The view of artificial neural networks as adaptive systems has lead to the development of ad-hoc generic procedures known as learning rules. The first of these is the Perceptron Rule (Rosenblatt, 1962), useful for single layer feed-forward networks and linearly separable problems. Its simplicity and beauty, and the existence of a convergence theorem made it a basic departure point in neural learning algorithms. This algorithm is a particular case of the Widrow-Hoff or delta rule (Widrow & Hoff, 1960), applicable to continuous networks with no hidden layers with an error function that is quadratic in the parameters.
The first truly useful algorithm for feed-forward multilayer networks is the backpropagation algorithm (Rumelhart, Hinton & Williams, 1986), reportedly proposed first by Werbos (1974) and Parker (1982). Many efforts have been devoted to enhance it in a number of ways, especially concerning speed and reliability of convergence (Haykin, 1994; Hecht-Nielsen, 1990).
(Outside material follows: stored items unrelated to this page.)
lemma has_real_derivative_integral:
  fixes f f' :: "real \<Rightarrow> 'a \<Rightarrow> real"
  assumes int: "\<And>x. integrable M (f x)"
    and deriv: "\<And>x \<omega>. ((\<lambda>x. f x \<omega>) has_real_derivative f' x \<omega>) (at x)"
    and bound: "\<And>x \<omega>. \<bar>f' x \<omega>\<bar> \<le> B \<omega>" and int_bound: "integrable M B"
    and meas: "f' x \<in> borel_measurable M"
  shows "((\<lambda>x. integral\<^sup>L M (f x)) has_real_derivative integral\<^sup>L M (f' x)) (at x)"
  unfolding has_field_derivative_iff tendsto_at_iff_sequentially comp_def
proof (intro allI impI)
  fix X :: "nat \<Rightarrow> real"
  assume X: "\<forall>i. X i \<in> UNIV - {x}" "X \<longlonglongrightarrow> x"
  define q where "q i \<omega> = (f (X i) \<omega> - f x \<omega>) / (X i - x)" for i \<omega>
  have lim: "AE \<omega> in M. (\<lambda>i. q i \<omega>) \<longlonglongrightarrow> f' x \<omega>"
  proof (rule AE_I2)
    fix \<omega>
    have "((\<lambda>y. (f y \<omega> - f x \<omega>) / (y - x)) \<longlongrightarrow> f' x \<omega>) (at x)"
      using deriv[where x=x and \<omega>=\<omega>] by (simp add: has_field_derivative_iff)
    then show "(\<lambda>i. q i \<omega>) \<longlonglongrightarrow> f' x \<omega>"
      unfolding tendsto_at_iff_sequentially using X by (auto simp: q_def comp_def)
  qed
  have dominated: "AE \<omega> in M. norm (q i \<omega>) \<le> B \<omega>" for i
  proof (rule AE_I2)
    fix \<omega>
    have "norm (f (X i) \<omega> - f x \<omega>) \<le> B \<omega> * norm (X i - x)"
      by (rule field_differentiable_bound[of UNIV]) (auto intro: deriv bound)
    then show "norm (q i \<omega>) \<le> B \<omega>"
      using X by (auto simp: q_def divide_le_eq)
  qed
  have "q i \<in> borel_measurable M" for i
    unfolding q_def using int[of "X i"] int[of x] by measurable
  then have "(\<lambda>i. integral\<^sup>L M (q i)) \<longlonglongrightarrow> integral\<^sup>L M (f' x)"
    using integral_dominated_convergence[OF meas _ int_bound lim dominated] by blast
  moreover have "integral\<^sup>L M (q i) = (integral\<^sup>L M (f (X i)) - integral\<^sup>L M (f x)) / (X i - x)" for i
    unfolding q_def using int[of "X i"] int[of x] by simp
  ultimately show "(\<lambda>i. (integral\<^sup>L M (f (X i)) - integral\<^sup>L M (f x)) / (X i - x))
      \<longlonglongrightarrow> integral\<^sup>L M (f' x)"
    by simp
qed

text \<open>Telescoping over n equal steps bounds \<bar>D U - D 0\<bar> by U (f 0 - f U) / n.\<close>

lemma eq_if_increments_le_decrements:
  fixes D f :: "real \<Rightarrow> real"
  assumes incr: "\<And>u v. 0 \<le> u \<Longrightarrow> u \<le> v \<Longrightarrow> \<bar>D v - D u\<bar> \<le> (v - u) * (f u - f v)"
    and "0 \<le> U"
  shows "D U = D 0"
proof -
  have steps: "\<bar>D (real k * h) - D 0\<bar> \<le> h * (f 0 - f (real k * h))" if "0 \<le> h" for h and k :: nat
  proof (induction k)
    case (Suc k)
    have "\<bar>D (real (Suc k) * h) - D 0\<bar>
        \<le> \<bar>D (real (Suc k) * h) - D (real k * h)\<bar> + \<bar>D (real k * h) - D 0\<bar>"
      by linarith
    also have "\<dots> \<le> h * (f (real k * h) - f (real (Suc k) * h)) + h * (f 0 - f (real k * h))"
      using incr[of "real k * h" "real (Suc k) * h"] Suc.IH that
      by (simp add: algebra_simps mult_left_mono)
    finally show ?case by (simp add: algebra_simps)
  qed simp
  have "eventually (\<lambda>n. \<bar>D U - D 0\<bar> \<le> U * (f 0 - f U) / real n) sequentially"
  proof (rule eventually_sequentiallyI[of 1])
    fix n :: nat assume "1 \<le> n"
    then show "\<bar>D U - D 0\<bar> \<le> U * (f 0 - f U) / real n"
      using steps[of "U / real n" n] \<open>0 \<le> U\<close> by (simp add: field_simps)
  qed
  then have "\<bar>D U - D 0\<bar> \<le> 0"
    by (intro tendsto_lowerbound[OF lim_const_over_n]) auto
  then show ?thesis by simp
qed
The backpropagation algorithm serves in general to compute the gradient vector in all the first-order methods, reviewed below.
Neural networks are trained by setting values for the network parameters w to minimize an error function E(w). If this function is quadratic in w, then the solution can be found by solving a linear system of equations (e.g. with Singular Value Decomposition (Press, Teukolsky, Vetterling & Flannery, 1992)) or iteratively with the delta rule. The minimization is realized by a variant of a gradient descent procedure, whose ultimate outcome is a local minimum: a w* from which any infinitesimal change makes E(w*) increase, that may not correspond to one of the global minima. Different solutions are found by starting at different initial states. The process is also perturbed by roundoff errors. Given E(w) to be minimized and an initial state w0, these methods perform for each iteration the updating step:wi+1=wi+αiui(1) where ui is the minimization direction (the direction in which to move) and αi∈R is the step size (how far to make a move in ui), also known as the learning rate in earlier contexts. For convenience, define Δwi=wi+1-wi. Common stopping criteria are:
A maximum number of presentations of D (epochs) is reached.
A maximum amount of computing time has been exceeded.
The evaluation has been minimized below a certain tolerance.
The gradient norm has fallen below a certain tolerance.
Key Terms in this Chapter
First-Order Method: A training algorithm using the objective function and its gradient vector.
Second-Order Method: A training algorithm using the objective function, its gradient vector and Hessian matrix.
Feed-Forward Artificial Neural Network: Artificial Neural Network whose graph has no cycles.
Back-Propagation: Algorithm for feed-forward multilayer networks that can be used to efficiently compute the gradient vector in all the first-order methods.
Learning Algorithm: Method or algorithm by virtue of which an Artificial Neural Network develops a representation of the information present in the learning examples, by modification of the weights.
Weight: A free parameter of an Artificial Neural Network, modified through the action of a Learning Algorithm to obtain desired responses to certain input stimuli.
Artificial Neural Network: Information processing structure without global or shared memory that takes the form of a directed graph where each of the computing elements (“neurons”) is a simple processor with internal and adjustable parameters, that operates only when all its incoming information is available.